- Records for processing
(* Let $\Delta$ be a pure $d$-dimensional simplicial complex that is acyclic in positive codimension (APC), and fix $0\le i<d$. Let $\Upsilon$ be an $i$-dimensional spanning tree of $\Delta$, let $\Theta=\Delta_i\setminus\Upsilon_i$ be the set of $i$-dimensional faces of $\Delta$ not in $\Upsilon$, and let $\tilde L$ be the reduced Laplacian, i.e. the square submatrix of $L_{\Delta,i}$ with rows and columns indexed by $\Theta$. Suppose that $\tilde H_{i-1}(\Upsilon;\mathbb{Z})=0$. Then $$K_i(\Delta)\cong \mathbb{Z}^{\Theta}/\operatorname{im}\tilde L.$$
   Context: For a finite simplicial complex $\Delta$, $\Delta_i$ denotes its set of $i$-dimensional faces, $\Delta_{(i)}$ its $i$-skeleton (all faces of dimension $\le i$), and $f_i(\Delta)=|\Delta_i|$. $C_i(\Delta;\mathbb{Z})$ is the free abelian group with basis $\Delta_i$ (each face given a fixed orientation; $C_{-1}=\mathbb{Z}$ is spanned by the empty face), $\partial_i=\partial_{\Delta,i}:C_i(\Delta;\mathbb{Z})\to C_{i-1}(\Delta;\mathbb{Z})$ is the simplicial boundary map, and $\partial^*_i:C_{i-1}(\Delta;\mathbb{Z})\to C_i(\Delta;\mathbb{Z})$ is the coboundary map, i.e. the transpose of $\partial_i$ with respect to the standard bases. The ($i$-dimensional, up-down) combinatorial Laplacian is $L_{\Delta,i}=\partial_{i+1}\partial^*_{i+1}:C_i(\Delta;\mathbb{Z})\to C_i(\Delta;\mathbb{Z})$. The $i$-dimensional critical group is $K_i(\Delta)=\ker\partial_i/\operatorname{im}(\partial_{i+1}\partial^*_{i+1})$. $\tilde H_i$ denotes reduced simplicial homology and $\beta_i(\Delta)=\dim_{\mathbb{Q}}\tilde H_i(\Delta;\mathbb{Q})$. A complex is pure if all maximal faces have the same dimension; a pure $d$-dimensional complex is APC if $\tilde H_j(\Delta;\mathbb{Q})=0$ for all $j<d$. If $\Gamma$ is a pure $k$-dimensional complex, a subcomplex $\Upsilon\subseteq\Gamma$ with $\Upsilon_{(k-1)}=\Gamma_{(k-1)}$ is a (simplicial) spanning tree of $\Gamma$ if (1) $\tilde H_k(\Upsilon;\mathbb{Z})=0$, (2) $\tilde H_{k-1}(\Upsilon;\mathbb{Q})=0$, and (3) $f_k(\Upsilon)=f_k(\Gamma)-\beta_k(\Gamma)+\beta_{k-1}(\Gamma)$. An $i$-dimensional spanning tree of $\Delta$ is a spanning tree of the skeleton $\Delta_{(i)}$. Chains supported on $\Upsilon$ or on $\Theta$ are regarded as elements of $C_i(\Delta;\mathbb{Z})$; $C_i(\Theta;\mathbb{Z})$ denotes the span of the faces in $\Theta$, identified with $\mathbb{Z}^\Theta$. *)

theory Defs
  imports Complex_Main "HOL-Algebra.Group" "HOL-Algebra.Coset" "HOL-Library.Function_Algebras"
begin

(* A finite abstract simplicial complex on a linearly ordered vertex set; faces are
   finite vertex sets, the empty face is the unique (-1)-dimensional face.
   Each face is oriented by the increasing order of its vertices. *)
definition simplicial_complex :: "'a set set \<Rightarrow> bool" where
  "simplicial_complex \<Delta> \<longleftrightarrow> finite \<Delta> \<and> (\<forall>F\<in>\<Delta>. finite F) \<and> (\<forall>F\<in>\<Delta>. \<forall>G. G \<subseteq> F \<longrightarrow> G \<in> \<Delta>)"

definition faces :: "'a set set \<Rightarrow> int \<Rightarrow> 'a set set" where
  "faces \<Delta> j = {F\<in>\<Delta>. int (card F) = j + 1}"

definition skeleton :: "'a set set \<Rightarrow> int \<Rightarrow> 'a set set" where
  "skeleton \<Delta> j = {F\<in>\<Delta>. int (card F) \<le> j + 1}"

definition pure_dim :: "'a set set \<Rightarrow> int \<Rightarrow> bool" where
  "pure_dim \<Delta> d \<longleftrightarrow> simplicial_complex \<Delta> \<and> faces \<Delta> d \<noteq> {} \<and>
     (\<forall>F\<in>\<Delta>. int (card F) \<le> d + 1) \<and> (\<forall>F\<in>\<Delta>. \<exists>G\<in>faces \<Delta> d. F \<subseteq> G)"

(* incidence sign [F : F - {v}] for the increasing-order orientation *)
definition osign :: "'a::linorder set \<Rightarrow> 'a \<Rightarrow> 'r::comm_ring_1" where
  "osign F v = (-1) ^ card {u\<in>F. u < v}"

definition chains :: "'a set set \<Rightarrow> int \<Rightarrow> ('a set \<Rightarrow> 'r::zero) set" where
  "chains \<Delta> j = {c. \<forall>F. F \<notin> faces \<Delta> j \<longrightarrow> c F = 0}"

definition bd :: "'a::linorder set set \<Rightarrow> int \<Rightarrow> ('a set \<Rightarrow> 'r::comm_ring_1) \<Rightarrow> ('a set \<Rightarrow> 'r)" where
  "bd \<Delta> j c = (\<lambda>G. if G \<in> faces \<Delta> (j - 1)
      then (\<Sum>v\<in>{v. v \<notin> G \<and> insert v G \<in> faces \<Delta> j}. osign (insert v G) v * c (insert v G))
      else 0)"

definition cobd :: "'a::linorder set set \<Rightarrow> int \<Rightarrow> ('a set \<Rightarrow> 'r::comm_ring_1) \<Rightarrow> ('a set \<Rightarrow> 'r)" where
  "cobd \<Delta> j c = (\<lambda>F. if F \<in> faces \<Delta> j then (\<Sum>v\<in>F. osign F v * c (F - {v})) else 0)"

definition laplacian :: "'a::linorder set set \<Rightarrow> int \<Rightarrow> ('a set \<Rightarrow> 'r::comm_ring_1) \<Rightarrow> ('a set \<Rightarrow> 'r)" where
  "laplacian \<Delta> i c = bd \<Delta> (i + 1) (cobd \<Delta> (i + 1) c)"

definition cycles :: "'a::linorder set set \<Rightarrow> int \<Rightarrow> ('a set \<Rightarrow> 'r::comm_ring_1) set" where
  "cycles \<Delta> j = {c \<in> chains \<Delta> j. bd \<Delta> j c = 0}"

definition boundaries :: "'a::linorder set set \<Rightarrow> int \<Rightarrow> ('a set \<Rightarrow> 'r::comm_ring_1) set" where
  "boundaries \<Delta> j = bd \<Delta> (j + 1) ` chains \<Delta> (j + 1)"

(* \<tilde>H_j(\<Delta>;R) = 0, with R given by the type 'r *)
definition homology_vanishes :: "'r::comm_ring_1 itself \<Rightarrow> 'a::linorder set set \<Rightarrow> int \<Rightarrow> bool" where
  "homology_vanishes R \<Delta> j \<longleftrightarrow> (cycles \<Delta> j :: ('a set \<Rightarrow> 'r) set) \<subseteq> boundaries \<Delta> j"

definition scaleQ :: "rat \<Rightarrow> ('a set \<Rightarrow> rat) \<Rightarrow> ('a set \<Rightarrow> rat)" where
  "scaleQ a f = (\<lambda>x. a * f x)"

definition betti :: "'a::linorder set set \<Rightarrow> int \<Rightarrow> int" where
  "betti \<Delta> j = int (vector_space.dim scaleQ (cycles \<Delta> j :: ('a set \<Rightarrow> rat) set))
              - int (vector_space.dim scaleQ (boundaries \<Delta> j :: ('a set \<Rightarrow> rat) set))"

definition APC :: "'a::linorder set set \<Rightarrow> int \<Rightarrow> bool" where
  "APC \<Delta> d \<longleftrightarrow> pure_dim \<Delta> d \<and> (\<forall>j<d. homology_vanishes TYPE(rat) \<Delta> j)"

definition spanning_tree :: "'a::linorder set set \<Rightarrow> int \<Rightarrow> 'a set set \<Rightarrow> bool" where
  "spanning_tree \<Gamma> k \<Upsilon> \<longleftrightarrow> pure_dim \<Gamma> k \<and> simplicial_complex \<Upsilon> \<and> \<Upsilon> \<subseteq> \<Gamma> \<and>
     skeleton \<Upsilon> (k - 1) = skeleton \<Gamma> (k - 1) \<and>
     homology_vanishes TYPE(int) \<Upsilon> k \<and>
     homology_vanishes TYPE(rat) \<Upsilon> (k - 1) \<and>
     int (card (faces \<Upsilon> k)) = int (card (faces \<Gamma> k)) - betti \<Gamma> k + betti \<Gamma> (k - 1)"

definition chain_group :: "'a set set \<Rightarrow> ('a set \<Rightarrow> int) monoid" where
  "chain_group S = \<lparr>carrier = {c. \<forall>F. F \<notin> S \<longrightarrow> c F = 0},
                    mult = (\<lambda>c e. (\<lambda>F. c F + e F)), one = (\<lambda>F. 0)\<rparr>"
(* In the setting of the context, fix distinct integers $r,s$ with $0\le r,s\le d$. The following are equivalent: (i) in $\Delta$, vertex $r$ is adjacent to vertex $s$ and to no other vertex; (ii) there exists $\kappa\in\mathbb F$ such that $(A^*-\kappa I)E_rV=E_sV$. Moreover, if (i) and (ii) hold then $\kappa=a^*_r$.
   Context: Let $\mathbb F$ be a field, $d\ge1$ an integer, $V$ a vector space over $\mathbb F$ of dimension $d+1$, $\mathcal A=\mathrm{End}(V)$ with identity $I$. Let $E^*_0,\dots,E^*_d\in\mathcal A$ satisfy $E^*_iE^*_j=\delta_{i,j}E^*_i$ and $\mathrm{rank}(E^*_i)=1$ for $0\le i,j\le d$. Let $A\in\mathcal A$ satisfy $E^*_iAE^*_j=0$ if $|i-j|>1$ and $E^*_iAE^*_j\neq0$ if $|i-j|=1$. Assume $A$ has $d+1$ mutually distinct eigenvalues $\theta_0,\dots,\theta_d$ in $\mathbb F$, and let $E_i=\prod_{j\ne i}\frac{A-\theta_jI}{\theta_i-\theta_j}$ be the primitive idempotent of $A$ for $\theta_i$. Let $\theta^*_0,\dots,\theta^*_d\in\mathbb F$ and $A^*=\sum_{i=0}^d\theta^*_iE^*_i$. Define $a^*_i=\mathrm{tr}(E_iA^* )$. Let $\Delta$ be the graph on vertex set $\{0,\dots,d\}$ in which $i,j$ are adjacent iff $i\ne j$ and $E_iA^*E_j\ne0$. *)

theory Defs
  imports "Jordan_Normal_Form.Char_Poly" "Jordan_Normal_Form.DL_Rank"
begin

- Work request
From the listing above, return every line that contains the word "cycles".

- Result for this exercise
definition cycles :: "'a::linorder set set \<Rightarrow> int \<Rightarrow> ('a set \<Rightarrow> 'r::comm_ring_1) set" where
  "cycles \<Delta> j = {c \<in> chains \<Delta> j. bd \<Delta> j c = 0}"
  "homology_vanishes R \<Delta> j \<longleftrightarrow> (cycles \<Delta> j :: ('a set \<Rightarrow> 'r) set) \<subseteq> boundaries \<Delta> j"
  "betti \<Delta> j = int (vector_space.dim scaleQ (cycles \<Delta> j :: ('a set \<Rightarrow> rat) set))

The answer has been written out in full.